The Leaderboard provides a wealth of summary information for each model built in a project. When models complete, DataRobot lists them on the Leaderboard with scoring and build information. The text below a model provides a brief description of the model type and version or whether it uses unaltered open-source code. Badges, tags, and columns, described below, provide quick model identifying and scoring information.

Tags and indicators

The following table describes the tags and indicators:

Display/name Description

BASELINE
Applicable to time series projects only. Indicates a baseline model built using the MASE metric.

Beta
Indicates a model from which you can export the coefficients and transformation parameters necessary to verify steps and make predictions outside of DataRobot. Blueprints that require complex preprocessing will not have the Beta tag because you can't export their preprocessing in a simple form (ridit transform for numerics, for example). Also note that when a blueprint has coefficients but is not marked with the Beta tag, it indicates that the coefficients are not exact (e.g., they may be rounded).

BIAS MITIGATION
Indicates that the model had bias mitigation techniques applied. The badge is added to the top three Autopilot Leaderboard models that DataRobot automatically attempted to mitigate bias for and any models to which mitigation techniques were manually applied.

BPxx
Blueprint ID
Displays a blueprint ID that represents an instance of a single model type (including version) and feature list. Models that share these characteristics have the same blueprint ID regardless of the sample size used to build them. Blender models indicate the blueprints used to create them (for example, BP6+17+20).

FAST & ACCURATE
Deprecated, applicable to projects created prior to v6.1. Indicates that this is the most accurate individual model on the Leaderboard that passes a set prediction speed guideline. If no models meet the guideline, the badge is not applied. The badge is available for OTV but not time series projects.

Frozen Run
Indicates that the model was produced using the frozen run feature. The badge also indicates the sample percent of the original model.

Insights
Indicates that the model appears on the Insights page.

Mxx
Model ID
Displays a unique ID for each model on the Leaderboard. The model ID represents a single instance of a model type, feature list, and sample size. Use the model ID to differentiate models when the blueprint ID is the same.

MONO
Indicates that the model either was built with, or supports but was not built with, monotonic constraints.

MOST ACCURATE
Deprecated, applicable to projects created prior to v6.1. Indicates that, based on the validation or cross-validation results, this model is the most accurate model overall on the Leaderboard (in most cases, a blender).

NEW SERIES OPTIMIZED
Indicates a model that supports unseen series modeling (new series support).

PREPARED FOR DEPLOYMENT
Indicates that the model has been through the Autopilot recommendation stages and is ready for deployment.

Rating tables
Indicates that the model has rating tables available for download.
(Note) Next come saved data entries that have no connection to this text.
(* In the errorless symmetric relay network described in the context, under the greedy policy $G$ the AoI reductions satisfy, for every time slot $t\ge1$, \[ R(\mathcal{S}^{G}(t))=\min\{tS,K\},\qquad R(\mathcal{U}^{G}(t))=\min\{(t-1)U,K\}. \]
   Context: Fix integers $K\ge 2$ and $S,U$ with $1\le S<K$, $1\le U<K$, and $S=U$. There are $K$ processes indexed by $k\in\{1,\dots,K\}$ and time slots $t=1,2,\dots$. The state at time $t$ consists of relay AoI values $g_k(t)$ and destination AoI values $h_k(t)$, with $g_k(1)=h_k(1)=1$ for all $k$. A policy $\pi$ is a map assigning to the current state a pair $(\mathcal{S}^{\pi}(t),\mathcal{U}^{\pi}(t))$ of subsets of $\{1,\dots,K\}$ with $|\mathcal{S}^{\pi}(t)|=S$ and $|\mathcal{U}^{\pi}(t)|=U$. Errorless dynamics: $g_k(t+1)=1$ if $k\in\mathcal{S}(t)$, else $g_k(t+1)=g_k(t)+1$; $h_k(t+1)=g_k(t)+1$ if $k\in\mathcal{U}(t)$, else $h_k(t+1)=h_k(t)+1$. Define $R(\mathcal{S}^{\pi}(\tau))=\sum_{k\in\mathcal{S}^{\pi}(\tau)} g_k^{\pi}(\tau)$ and $R(\mathcal{U}^{\pi}(\tau))=\sum_{k\in\mathcal{U}^{\pi}(\tau)}(h_k^{\pi}(\tau)-g_k^{\pi}(\tau))$. The greedy policy $G$ chooses at each time $t$ a set $\mathcal{S}^G(t)$ of $S$ indices with the largest values $g_k(t)$ (maximizing $\sum_{k\in\mathcal{S}}g_k(t)$ over $|\mathcal{S}|=S$) and a set $\mathcal{U}^G(t)$ of $U$ indices with the largest gaps $h_k(t)-g_k(t)$ (maximizing $\sum_{k\in\mathcal{U}}(h_k(t)-g_k(t))$ over $|\mathcal{U}|=U$). *)

theory Defs
  imports Main
begin

text \<open>A state is a pair (g, h) of relay AoI and destination AoI vectors,
  indexed by processes k (only k in {1..K} are relevant).
  A policy maps the current state to a pair (S-set, U-set).\<close>

type_synonym state = "(nat \<Rightarrow> int) \<times> (nat \<Rightarrow> int)"
type_synonym policy = "state \<Rightarrow> nat set \<times> nat set"

definition step :: "policy \<Rightarrow> state \<Rightarrow> state" where
  "step pol st =
     (let (g, h) = st; (Ss, Us) = pol st in
      ((\<lambda>k. if k \<in> Ss then 1 else g k + 1),
       (\<lambda>k. if k \<in> Us then g k + 1 else h k + 1)))"

text \<open>aoi pol n is the state at time slot t = n + 1 (so aoi pol 0 is time 1,
  where g_k(1) = h_k(1) = 1).\<close>
primrec aoi :: "policy \<Rightarrow> nat \<Rightarrow> state" where
  "aoi pol 0 = ((\<lambda>_. 1), (\<lambda>_. 1))"
| "aoi pol (Suc n) = step pol (aoi pol n)"

definition state_at :: "policy \<Rightarrow> nat \<Rightarrow> state" where
  "state_at pol t = aoi pol (t - 1)"

definition Sset :: "policy \<Rightarrow> nat \<Rightarrow> nat set" where
  "Sset pol t = fst (pol (state_at pol t))"

definition Uset :: "policy \<Rightarrow> nat \<Rightarrow> nat set" where
  "Uset pol t = snd (pol (state_at pol t))"

definition R_S :: "policy \<Rightarrow> nat \<Rightarrow> int" where
  "R_S pol t = (\<Sum>k\<in>Sset pol t. fst (state_at pol t) k)"

definition R_U :: "policy \<Rightarrow> nat \<Rightarrow> int" where
  "R_U pol t = (\<Sum>k\<in>Uset pol t. snd (state_at pol t) k - fst (state_at pol t) k)"

definition greedy :: "nat \<Rightarrow> nat \<Rightarrow> nat \<Rightarrow> policy \<Rightarrow> bool" where
  "greedy K S U pol \<longleftrightarrow>
     (\<forall>g h. let (Ss, Us) = pol (g, h) in
        Ss \<subseteq> {1..K} \<and> card Ss = S \<and>
        (\<forall>A. A \<subseteq> {1..K} \<and> card A = S \<longrightarrow> (\<Sum>k\<in>A. g k) \<le> (\<Sum>k\<in>Ss. g k)) \<and>
        Us \<subseteq> {1..K} \<and> card Us = U \<and>
        (\<forall>A. A \<subseteq> {1..K} \<and> card A = U \<longrightarrow>
              (\<Sum>k\<in>A. h k - g k) \<le> (\<Sum>k\<in>Us. h k - g k)))"

end

theory Submission
  imports Defs
begin

text \<open>Under the greedy policy the relay ages form a staircase: at time \<open>n + 1\<close> exactly
  \<open>K - (a - 1) S\<close> processes have relay age at least \<open>a\<close>, because each step resets the \<open>S\<close>
  oldest ones and ages the rest. Summing the top \<open>S\<close> ages level by level gives
  \<open>R(S(t)) = min (t S) K\<close>. The gap \<open>h - g\<close> after a step equals the old relay age on the set
  just sampled and vanishes elsewhere, so it has at most \<open>S = U\<close> nonzero entries, all of
  which the greedy update set collects; hence \<open>R(U(t + 1))\<close> is the total gap, i.e. \<open>R(S(t))\<close>.\<close>

lemma max_sum_subset_dominates:
  fixes f :: "'a \<Rightarrow> 'b::ordered_ab_group_add"
  assumes "finite I" and "B \<subseteq> I"
    and max: "\<forall>A. A \<subseteq> I \<and> card A = card B \<longrightarrow> sum f A \<le> sum f B"
    and "k \<in> B" and "j \<in> I - B"
  shows "f j \<le> f k"
proof -
  let ?A = "insert j (B - {k})"
  have "finite B" using assms(1,2) finite_subset by blast
  moreover have "card B > 0" using assms(4) \<open>finite B\<close> card_gt_0_iff by blast
  ultimately have "card ?A = card B" and "sum f ?A = f j + (sum f B - f k)"
    using assms(4,5) by (simp_all add: card_Diff_singleton sum_diff1)
  moreover have "?A \<subseteq> I" using assms(2,4,5) by blast
  ultimately show ?thesis using max by (metis add_le_cancel_right diff_add_cancel add.commute)
qed

lemma card_superlevel_in_dominating:
  fixes f :: "'a \<Rightarrow> 'b::linorder"
  assumes "finite I" and "A \<subseteq> I" and dom: "\<forall>k\<in>A. \<forall>j\<in>I - A. f j \<le> f k"
  shows "card {k\<in>A. b \<le> f k} = min (card A) (card {k\<in>I. b \<le> f k})"
proof (cases "\<forall>k\<in>A. b \<le> f k")
  case True
  then have "A \<subseteq> {k\<in>I. b \<le> f k}" using assms(2) by blast
  then have "card A \<le> card {k\<in>I. b \<le> f k}" using assms(1) by (simp add: card_mono)
  moreover have "{k\<in>A. b \<le> f k} = A" using True by blast
  ultimately show ?thesis by simp
next
  case False
  then obtain k where "k \<in> A" "f k < b" by (auto simp: not_le)
  then have "{k\<in>I. b \<le> f k} = {k\<in>A. b \<le> f k}" using dom assms(2) by force
  moreover have "card {k\<in>A. b \<le> f k} \<le> card A"
    using assms(1,2) finite_subset by (intro card_mono) auto
  ultimately show ?thesis by simp
qed

lemma sum_eq_sum_card_superlevels:
  fixes g :: "'a \<Rightarrow> int"
  assumes "finite A" and bounds: "\<forall>k\<in>A. 0 \<le> g k \<and> g k \<le> int M"
  shows "sum g A = int (\<Sum>a\<in>{1..M}. card {k\<in>A. int a \<le> g k})"
proof -
  have "int (\<Sum>a\<in>{1..M}. card {k\<in>A. int a \<le> g k})
      = (\<Sum>a\<in>{1..M}. \<Sum>k\<in>A. if int a \<le> g k then 1 else 0)"
    using assms(1) by (simp add: sum.If_cases Int_def)
  also have "\<dots> = (\<Sum>k\<in>A. \<Sum>a\<in>{1..M}. if int a \<le> g k then 1 else 0)"
    by (rule sum.swap)
  also have "\<dots> = sum g A"
  proof (rule sum.cong)
    fix k assume "k \<in> A"
    then have "{a\<in>{1..M}. int a \<le> g k} = {1..nat (g k)}" and "0 \<le> g k"
      using bounds by (auto simp: le_nat_iff)
    then show "(\<Sum>a\<in>{1..M}. if int a \<le> g k then 1 else 0) = g k"
      by (simp add: sum.If_cases Int_def)
  qed simp
  finally show ?thesis ..
qed

lemma sum_min_staircase: "(\<Sum>a\<in>{1..m}. min S (K - (a - 1) * S)) = min (m * S) (K::nat)"
proof (induction m)
  case (Suc m)
  then have "(\<Sum>a\<in>{1..Suc m}. min S (K - (a - 1) * S)) = min (m * S) K + min S (K - m * S)"
    by simp
  also have "\<dots> = min (Suc m * S) K" by (cases "m * S \<le> K") auto
  finally show ?case .
qed simp

lemma greedy_selects_top_sets:
  assumes "greedy K S U G"
  shows "fst (G st) \<subseteq> {1..K}" "card (fst (G st)) = S"
    "\<forall>k\<in>fst (G st). \<forall>j\<in>{1..K} - fst (G st). fst st j \<le> fst st k"
    and "snd (G st) \<subseteq> {1..K}" "card (snd (G st)) = U"
    "\<forall>k\<in>snd (G st). \<forall>j\<in>{1..K} - snd (G st).
       snd st j - fst st j \<le> snd st k - fst st k"
proof -
  obtain g h Ss Us where st: "st = (g, h)" and sel: "G (g, h) = (Ss, Us)" by fastforce
  then have Ss: "Ss \<subseteq> {1..K}" "card Ss = S"
      "\<forall>A. A \<subseteq> {1..K} \<and> card A = card Ss \<longrightarrow> sum g A \<le> sum g Ss"
    and Us: "Us \<subseteq> {1..K}" "card Us = U"
      "\<forall>A. A \<subseteq> {1..K} \<and> card A = card Us \<longrightarrow> (\<Sum>k\<in>A. h k - g k) \<le> (\<Sum>k\<in>Us. h k - g k)"
    using assms[unfolded greedy_def, rule_format, of g h] by (simp_all add: Let_def)
  show "fst (G st) \<subseteq> {1..K}" "card (fst (G st)) = S"
    "snd (G st) \<subseteq> {1..K}" "card (snd (G st)) = U"
    using Ss Us st sel by simp_all
  show "\<forall>k\<in>fst (G st). \<forall>j\<in>{1..K} - fst (G st). fst st j \<le> fst st k"
    using max_sum_subset_dominates[OF _ Ss(1,3)] st sel by simp
  show "\<forall>k\<in>snd (G st). \<forall>j\<in>{1..K} - snd (G st).
      snd st j - fst st j \<le> snd st k - fst st k"
    using max_sum_subset_dominates[OF _ Us(1,3)] st sel by simp
qed

lemma step_components:
  "fst (step pol st) = (\<lambda>k. if k \<in> fst (pol st) then 1 else fst st k + 1)"
  "snd (step pol st) = (\<lambda>k. if k \<in> snd (pol st) then fst st k + 1 else snd st k + 1)"
  unfolding step_def by (simp_all add: case_prod_beta)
RECOMMENDED FOR DEPLOYMENT
Indicates that this is the model DataRobot recommends for deployment, based on model accuracy and complexity.

REF
Indicates that the model is a reference model. A reference model uses no special preprocessing; it is a basic model that you can use to measure performance increase provided by an advanced model.

SCORING CODE
Indicates that the model has Scoring Code available for download.

SEGMENT CHAMPION
Indicates that the model is the chosen segment champion in a multiseries segmented modeling project.

SHAP
Indicates that the model was built with SHAP-based Prediction Explanations. If no badge, the model provides XEMP-based explanations.

TUNED
Indicates that the model has been tuned.

Upper Bound Running Time
Indicates that the model exceeded the Upper Bound Running Time.

See also information on the model recommendation calculations.

Model icons

In addition to the tags, DataRobot displays a badge (icon) to the left of the model name indicating the type:

  • : specially tuned DataRobot implementation of a model
  • : blender model
  • : Eureqa model
  • : Keras model
  • : Light Gradient Boosting Machine model
  • : Python model
  • : R model
  • : Spark model
  • : TensorFlow model
  • : Vowpal Wabbit (VW) model
  • : XGBoost model
  • : custom model, built with Jupyter Notebooks (deprecated)
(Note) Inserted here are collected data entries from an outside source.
lemma global_solution_lipschitz:
  fixes G :: "real \<Rightarrow> 'a::banach \<Rightarrow> 'a"
  assumes L: "0 \<le> L"
    and Gc: "\<And>f a b. t0 \<le> a \<Longrightarrow> continuous_on {a..b} f \<Longrightarrow> continuous_on {a..b} (\<lambda>s. G s (f s))"
    and Lip: "\<And>t u v. t0 \<le> t \<Longrightarrow> norm (G t u - G t v) \<le> L * norm (u - v)"
  obtains x where "x t0 = x0" "\<And>t. t0 \<le> t \<Longrightarrow> (x has_vector_derivative G t (x t)) (at t within {t0..})"
proof -
  define h where "h = 1 / (2 * (L + 1))"
  have h: "h > 0" "h * L < 1" using L by (auto simp: h_def field_simps)
  define local_sol where "local_sol a y x \<longleftrightarrow> continuous_on {a..a + h} x
      \<and> (\<forall>t\<in>{a..a + h}. x t = y + integral {a..t} (\<lambda>s. G s (x s)))" for a y x
  have local_sol: "local_sol a y (SOME x. local_sol a y x)" if a: "t0 \<le> a" for a y
  proof -
    obtain x where "continuous_on {a..a + h} x" "\<And>t. t \<in> {a..a + h} \<Longrightarrow> x t = y + integral {a..t} (\<lambda>s. G s (x s))"
      using h L by (rule_tac picard_local_solution[of a "a + h" G L y]) (use a in \<open>auto intro: Gc Lip\<close>)
    then have "\<exists>x. local_sol a y x" unfolding local_sol_def by blast
    then show ?thesis by (rule someI_ex)
  qed
  have local_sol_start: "x a = y" if "local_sol a y x" for a y x
    using that h unfolding local_sol_def by auto
  define s where "s n = t0 + real n * h" for n
  have s: "s (Suc n) = s n + h" "t0 \<le> s n" for n using h by (simp_all add: s_def algebra_simps)
  define piece where "piece = rec_nat (SOME x. local_sol t0 x0 x)
      (\<lambda>n x. SOME x'. local_sol (s (Suc n)) (x (s (Suc n))) x')"
  have piece0: "local_sol (s 0) x0 (piece 0)" using local_sol[of t0] by (simp add: piece_def s_def)
  have pieceS: "local_sol (s (Suc n)) (piece n (s (Suc n))) (piece (Suc n))" for n
    using local_sol[OF s(2)] by (simp add: piece_def)
  have pieces: "local_sol (s n) (piece n (s n)) (piece n)" for n
  proof (cases n)
    case 0
    then show ?thesis using piece0 local_sol_start[OF piece0] by simp
  next
    case (Suc m)
    then show ?thesis using pieceS[of m] local_sol_start[OF pieceS[of m]] by simp
  qed
  have piece_cont: "continuous_on {s n..s (Suc n)} (piece n)"
    and piece_sol: "\<And>t. t \<in> {s n..s (Suc n)} \<Longrightarrow>
      piece n t = piece n (s n) + integral {s n..t} (\<lambda>u. G u (piece n u))" for n
    using pieces[of n] unfolding local_sol_def s(1) by blast+
  have junction: "piece (Suc n) (s (Suc n)) = piece n (s (Suc n))" for n
    using local_sol_start[OF pieceS] .
  interpret glued_pieces G t0 h s piece
    using h(1) s_def Gc piece_cont piece_sol junction by unfold_locales
  show ?thesis
  proof (rule that[of glued])
    show "glued t0 = x0" using glued_eq_piece[of t0 0] local_sol_start[OF piece0] h by (simp add: s_def)
    show "(glued has_vector_derivative G t (glued t)) (at t within {t0..})" if "t0 \<le> t" for t
      using integral_equation_has_vector_derivative[OF glued_integral_equation that] by simp
  qed
qed

lemma periodic_shift_nat:
  fixes f :: "real \<Rightarrow> 'a"
  assumes per: "\<And>t. t \<ge> 0 \<Longrightarrow> f (t + \<rho>) = f t" and "\<rho> \<ge> 0" "t \<ge> 0"
  shows "f (t + real n * \<rho>) = f t"
proof (induction n)
  case (Suc n)
  have "f (t + real n * \<rho> + \<rho>) = f (t + real n * \<rho>)" using assms by (intro per) simp
  then show ?case using Suc by (simp add: algebra_simps)
qed simp

lemma periodic_bounded:
  fixes f :: "real \<Rightarrow> real"
  assumes "\<rho> > 0" and per: "\<And>t. t \<ge> 0 \<Longrightarrow> f (t + \<rho>) = f t" and cont: "continuous_on {0..\<rho>} f"
  obtains M where "\<And>t. t \<ge> 0 \<Longrightarrow> \<bar>f t\<bar> \<le> M"
proof -
  have "bounded (f ` {0..\<rho>})" by (rule compact_imp_bounded[OF compact_continuous_image[OF cont compact_Icc]])
  then obtain M where "\<forall>x\<in>f ` {0..\<rho>}. norm x \<le> M" by (auto simp: bounded_iff)
  then have M: "\<And>s. s \<in> {0..\<rho>} \<Longrightarrow> \<bar>f s\<bar> \<le> M" by auto
  have "\<bar>f t\<bar> \<le> M" if "t \<ge> 0" for t
  proof -
    define n where "n = nat \<lfloor>t / \<rho>\<rfloor>"
    have "real n = of_int \<lfloor>t / \<rho>\<rfloor>" using that \<open>\<rho> > 0\<close> by (simp add: n_def)
    then have "real n \<le> t / \<rho>" "t / \<rho> < real n + 1" by linarith+
    then have "t - real n * \<rho> \<in> {0..\<rho>}" using \<open>\<rho> > 0\<close> by (auto simp: field_simps)
    moreover have "f t = f (t - real n * \<rho>)"
      using periodic_shift_nat[where f = f, OF per, of "t - real n * \<rho>" n] \<open>\<rho> > 0\<close> calculation by simp
    ultimately show ?thesis using M by simp
  qed
  then show ?thesis by (rule that)
qed

lemma periodic_zero_mean_primitive:
  fixes f :: "real \<Rightarrow> real"
  assumes "\<rho> > 0" and per: "\<And>t. t \<ge> 0 \<Longrightarrow> f (t + \<rho>) = f t" and cont: "continuous_on {0..} f"
    and mean: "integral {0..\<rho>} f = 0" and "t \<ge> 0"
  shows "integral {0..t + \<rho>} f = integral {0..t} f"
proof -
  have "f integrable_on {0..t + \<rho>}"
    by (rule integrable_continuous_real, rule continuous_on_subset[OF cont]) auto
  then have "integral {0..t + \<rho>} f = integral {0..\<rho>} f + integral {\<rho>..t + \<rho>} f"
    using \<open>\<rho> > 0\<close> \<open>t \<ge> 0\<close> by (simp add: Henstock_Kurzweil_Integration.integral_combine)
  also have "integral {\<rho>..t + \<rho>} f = integral {0..t} (f \<circ> (+) \<rho>)"
    using integral_shift_Icc_real[of 0 t f \<rho>] by simp
  also have "\<dots> = integral {0..t} f"
    using per by (intro Henstock_Kurzweil_Integration.integral_cong) (simp add: add.commute)
  finally show ?thesis using mean by simp
qed

lemma norm_4tuple: "norm ((a::real), (b::real), (c::real), (d::real)) = sqrt (a\<^sup>2 + b\<^sup>2 + c\<^sup>2 + d\<^sup>2)"
  by (simp add: norm_Pair add.assoc)

lemma norm_4tuple_le_sum_abs: "norm ((a::real), (b::real), (c::real), (d::real)) \<le> \<bar>a\<bar> + \<bar>b\<bar> + \<bar>c\<bar> + \<bar>d\<bar>"
  using norm_Pair_le[of a "(b, c, d)"] norm_Pair_le[of b "(c, d)"] norm_Pair_le[of c d] by simp

lemma abs_le_norm_4tuple:
  fixes a b c d :: real
  shows "\<bar>a\<bar> \<le> norm (a, b, c, d)" "\<bar>b\<bar> \<le> norm (a, b, c, d)"
    "\<bar>c\<bar> \<le> norm (a, b, c, d)" "\<bar>d\<bar> \<le> norm (a, b, c, d)"
  unfolding norm_4tuple by (auto intro!: real_le_rsqrt simp del: real_sqrt_le_iff)

definition clamp :: "real \<Rightarrow> real \<Rightarrow> real" where "clamp K y = max (- K) (min K y)"

lemma abs_clamp_le: "0 \<le> K \<Longrightarrow> \<bar>clamp K y\<bar> \<le> K"
  by (auto simp: clamp_def)

lemma abs_clamp_diff_le: "\<bar>clamp K y - clamp K z\<bar> \<le> \<bar>y - z\<bar>"
  by (auto simp: clamp_def max_def min_def)

lemma clamp_eq_self: "\<bar>y\<bar> \<le> K \<Longrightarrow> clamp K y = y"
  by (auto simp: clamp_def)

lemma continuous_on_clamp [continuous_intros]: "continuous_on S f \<Longrightarrow> continuous_on S (\<lambda>s. clamp K (f s))"
  unfolding clamp_def by (intro continuous_intros)

definition clamp4 :: "real \<Rightarrow> real \<times> real \<times> real \<times> real \<Rightarrow> real \<times> real \<times> real \<times> real" where
  "clamp4 K u = (clamp K (fst u), clamp K (fst (snd u)), clamp K (fst (snd (snd u))), clamp K (snd (snd (snd u))))"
Text below the model provides a brief description of the model type and version, or whether it uses unaltered open source code.

Model type and performance

Some models sacrifice prediction speed to improve prediction accuracy. These models are best suited to batch predictions (one-time or recurring), where prediction time and reliability aren't critical factors.

Some use cases require a model to make low-latency (or real-time) predictions. For these performance-sensitive use cases, it is best to avoid deploying the following model types as they prioritize accuracy over prediction speed and prediction memory usage:

Columns and tools

Leaderboard columns give you at-a-glance information about a model's "specs":

The following table describes the Leaderboard columns and tools:

Column Description
Model Name and Description Provides the model name (type) as well as identifiers and description.
Feature List Lists the name of the Feature List used to create the model. Click the Feature List label to get a count of the number of features in the list.
Sample Size Displays the sample size used to create the model. Click the Sample Size label to see the number of rows the sample size represents, or set the display to only selected sample sizes. By default, DataRobot displays all sample sizes run for a project. When a project includes an External predictions model, sample size displays N/A.
Validation Displays the Validation score of the model. This is the score derived from the first cross-validation fold. Some scores may be marked with an asterisk, indicating in-sample predictions.
Cross-Validation Displays the Cross-Validation score, if run. If the dataset is greater than 50,000 rows, DataRobot does not automatically start a cross-validation run. You can click the Run link to run cross-validation manually. Some scores may be marked with an asterisk, indicating in-sample predictions. If the dataset is larger than 800MB, cross-validation is not allowed.
Holdout Displays a lock icon that indicates whether holdout is unlocked for the model. When unlocked, some scores may be marked with an asterisk, indicating use of in-sample predictions to derive the score.
Metric Sets (and displays the selection of) an accuracy metric for the Leaderboard. Models display in order of their scoring (best to worst) for the metric chosen before the model building process. Click the orange arrow to access a dropdown that allows you to change the optimization metric.
Menu Provides quick access to comparing models, adding and deleting models, and creating blender models.
Search Searches for a model, as described below.
Add New Model Adds a model based on specific criteria that you set from the dialog.
Filter Filters by a variety of selection criteria. Alternatively, click a Leaderboard tag to filter by the selected tag.
Export Allows you to download the Leaderboard's contents as a CSV file, as described below.

Tag and filter models

The Leaderboard offers filtering capabilities to make viewing and focusing on relevant models easier.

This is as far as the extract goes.